«Сегодня с утра тихо падает снег. Тысячи, тьмы тем крошечных танцовщиц в белых юбочках летят с небес на землю, их подхватывает ветер и раскачивает в ритме моих мыслей. В тот день тоже снежило, завораживало, смывало горечь с души. Было что-то очень рано, когда я проснулся в то воскресенье и вышел на порог дома. (Впрочем, спал я плохо с тех пор, как вышел из Ларго.) И вот по пустынной улочке прошла мимо меня женская фигура, обернутая в длинную накидку. Что было в ней, от чего я тотчас же снялся с места и двинулся следом? Плащи такие носит каждая третья горожанка: под ними прячут вечерние туалеты или верховые наряды. То, что судя по походке, гибкой прямизне стана, гордому поставу головы, женщина была молода? Но именно таких я и остерегался. Сверстники надо мной посмеивались: вовек будешь бояться вражеской крови, пока не прольешь крови девичьей или хотя бы хорошая баба тебя не вразумит.

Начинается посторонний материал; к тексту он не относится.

theorem corollary1:
  fixes n \<tau> T :: nat
    and D :: "nat \<Rightarrow> 'w measure"
    and F :: "nat \<Rightarrow> 'a::euclidean_space \<Rightarrow> 'w \<Rightarrow> real"
    and G :: "nat \<Rightarrow> 'a \<Rightarrow> 'w \<Rightarrow> 'a"
    and lstar :: "nat \<Rightarrow> real"
    and L \<mu> c gb :: real
    and x0 xstar :: 'a
  assumes n: "n \<ge> 1" and tau: "\<tau> \<ge> 1" and T: "T \<ge> 1"
    and prob: "\<And>i. i < n \<Longrightarrow> prob_space (D i)"
    and grad: "\<And>i x \<xi>. i < n \<Longrightarrow> \<xi> \<in> space (D i) \<Longrightarrow>
                 ((\<lambda>y. F i y \<xi>) has_derivative (\<lambda>h. G i x \<xi> \<bullet> h)) (at x)"
    and intF: "\<And>i x. i < n \<Longrightarrow> integrable (D i) (\<lambda>\<xi>. F i x \<xi>)"
    and intG: "\<And>i x. i < n \<Longrightarrow> integrable (D i) (\<lambda>\<xi>. G i x \<xi>)"
    and unbiased: "\<And>i x. i < n \<Longrightarrow>
        ((\<lambda>y. integral\<^sup>L (D i) (\<lambda>\<xi>. F i y \<xi>)) has_derivative
           (\<lambda>h. integral\<^sup>L (D i) (\<lambda>\<xi>. G i x \<xi>) \<bullet> h)) (at x)"
    and lstar_le: "\<And>i x \<xi>. i < n \<Longrightarrow> \<xi> \<in> space (D i) \<Longrightarrow> lstar i \<le> F i x \<xi>"
    and smooth: "\<And>i x y \<xi>. i < n \<Longrightarrow> \<xi> \<in> space (D i) \<Longrightarrow>
                   norm (G i y \<xi> - G i x \<xi>) \<le> L * norm (x - y)"
    and strconv: "\<And>i x y \<xi>. i < n \<Longrightarrow> \<xi> \<in> space (D i) \<Longrightarrow>
                   F i y \<xi> \<ge> F i x \<xi> + G i x \<xi> \<bullet> (y - x) + \<mu> / 2 * (norm (y - x))\<^sup>2"
    and mu: "\<mu> > 0"
    and minimizer: "\<And>y. (1 / real n) * (\<Sum>i<n. integral\<^sup>L (D i) (\<lambda>\<xi>. F i xstar \<xi>))
                        \<le> (1 / real n) * (\<Sum>i<n. integral\<^sup>L (D i) (\<lambda>\<xi>. F i y \<xi>))"
    and interp: "(1 / real n) * (\<Sum>i<n. integral\<^sup>L (D i) (\<lambda>\<xi>. F i xstar \<xi>) - lstar i) = 0"
    and c: "c \<ge> 4 * (real \<tau>)\<^sup>2"
    and gb: "gb > 0"
  shows "let \<alpha> = min (1 / (2 * c * L)) gb in
         (\<integral>\<^sup>+ \<omega>. ennreal ((norm (fedsps_avg n \<tau> F G lstar c gb x0 \<omega> T - xstar))\<^sup>2)
            \<partial>(PiM ({..<T} \<times> {..<n}) (\<lambda>(t, i). D i)))
         \<le> ennreal (1 / (\<mu> * \<alpha>) * (1 - \<mu> * \<alpha>) ^ T *
                    (norm (x0 - xstar))\<^sup>2)"
proof -
  define \<alpha> where "\<alpha> = min (1 / (2 * c * L)) gb"
  define M where "M = PiM ({..<T} \<times> {..<n}) (\<lambda>(t, i). D i)"
  define bound where "bound = (1 - \<mu> * \<alpha>) ^ T * (norm (x0 - xstar))\<^sup>2"
  have "(real \<tau>)\<^sup>2 \<ge> 1" using tau by simp
  then have c1: "c \<ge> 1" using c by linarith
  have n0: "0 < n" using n by simp
  obtain \<xi>0 where \<xi>0: "\<xi>0 \<in> space (D 0)" using prob_space.not_empty[OF prob[OF n0]] by blast
  have muL: "\<mu> \<le> L"
    by (rule strongly_convex_le_smooth[OF grad[OF n0 \<xi>0] smooth[OF n0 \<xi>0] strconv[OF n0 \<xi>0]])
  interpret M: prob_space M unfolding M_def using prob by (intro prob_space_PiM) auto
  have "AE \<xi> in D j. F j xstar \<xi> = lstar j" if "j < n" for j
    using prob intF lstar_le interp that by (rule AE_eq_of_mean_gap_eq_zero)
  then have good: "AE \<omega> in M. \<forall>k\<in>{..<T} \<times> {..<n}. F (snd k) xstar (\<omega> k) = lstar (snd k)"
    unfolding M_def using prob
    by (intro AE_PiM_all_components[where P="\<lambda>k \<xi>. F (snd k) xstar \<xi> = lstar (snd k)"])
       (auto split: prod.splits)
  have pathwise: "(norm (fedsps_avg n \<tau> F G lstar c gb x0 \<omega> T - xstar))\<^sup>2 \<le> bound"
    if "\<omega> \<in> space M" "\<forall>k\<in>{..<T} \<times> {..<n}. F (snd k) xstar (\<omega> k) = lstar (snd k)" for \<omega>
    using that unfolding bound_def \<alpha>_def M_def space_PiM
    by (intro fedsps_avg_dist_sq_le[OF n] grad smooth strconv lstar_le mu muL c1 gb) auto
  have slack: "bound \<le> 1 / (\<mu> * \<alpha>) * bound"
  proof -
    have "0 < \<mu> * \<alpha>" "\<mu> * \<alpha> \<le> 1"
      unfolding \<alpha>_def by (fact polyak_rate_bounds[OF mu muL c1 gb])+
    then have "0 \<le> bound" "1 \<le> 1 / (\<mu> * \<alpha>)" unfolding bound_def by simp_all
    then show ?thesis using mult_right_mono[of 1] by fastforce
  qed
  have "AE \<omega> in M. (norm (fedsps_avg n \<tau> F G lstar c gb x0 \<omega> T - xstar))\<^sup>2 \<le> 1 / (\<mu> * \<alpha>) * bound"
    using good AE_space by eventually_elim (blast intro: order_trans[OF pathwise slack])
  from nn_integral_le_const_AE[OF M.prob_space_axioms this]
  show ?thesis unfolding Let_def \<alpha>_def M_def bound_def by (simp add: mult.assoc)
qed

Но эта женщина и двигалась иначе: не раскачивая бедрами, как они все, не оглядываясь кокетливо (а тем не менее, я был уверен, что она меня видит). Будто летела над землей вместе со снегом. Так легка и просторна была ее поступь, что я стал отставать почти сразу. Но она замедляла шаг, точно подманивая — и снова уходила, легко вынося вперед маленькую ножку в меховом башмачке. Мы почти бежали незнакомыми улицами: и уже сердце подступало к самому горлу и во рту появился солоноватый привкус, когда она остановилась (я чуть не налетел на нее с разгона) и обернула ко мне смеющееся свое лицо. Глаза были удивительно синего цвета — как зимнее небо при ясном солнце. И голос ее мягко толкнул меня в грудь:

— Спасибо, до дому вы меня проводили. Так не зайдете ли внутрь? Чаю выпьете, вина согрею ради гостя.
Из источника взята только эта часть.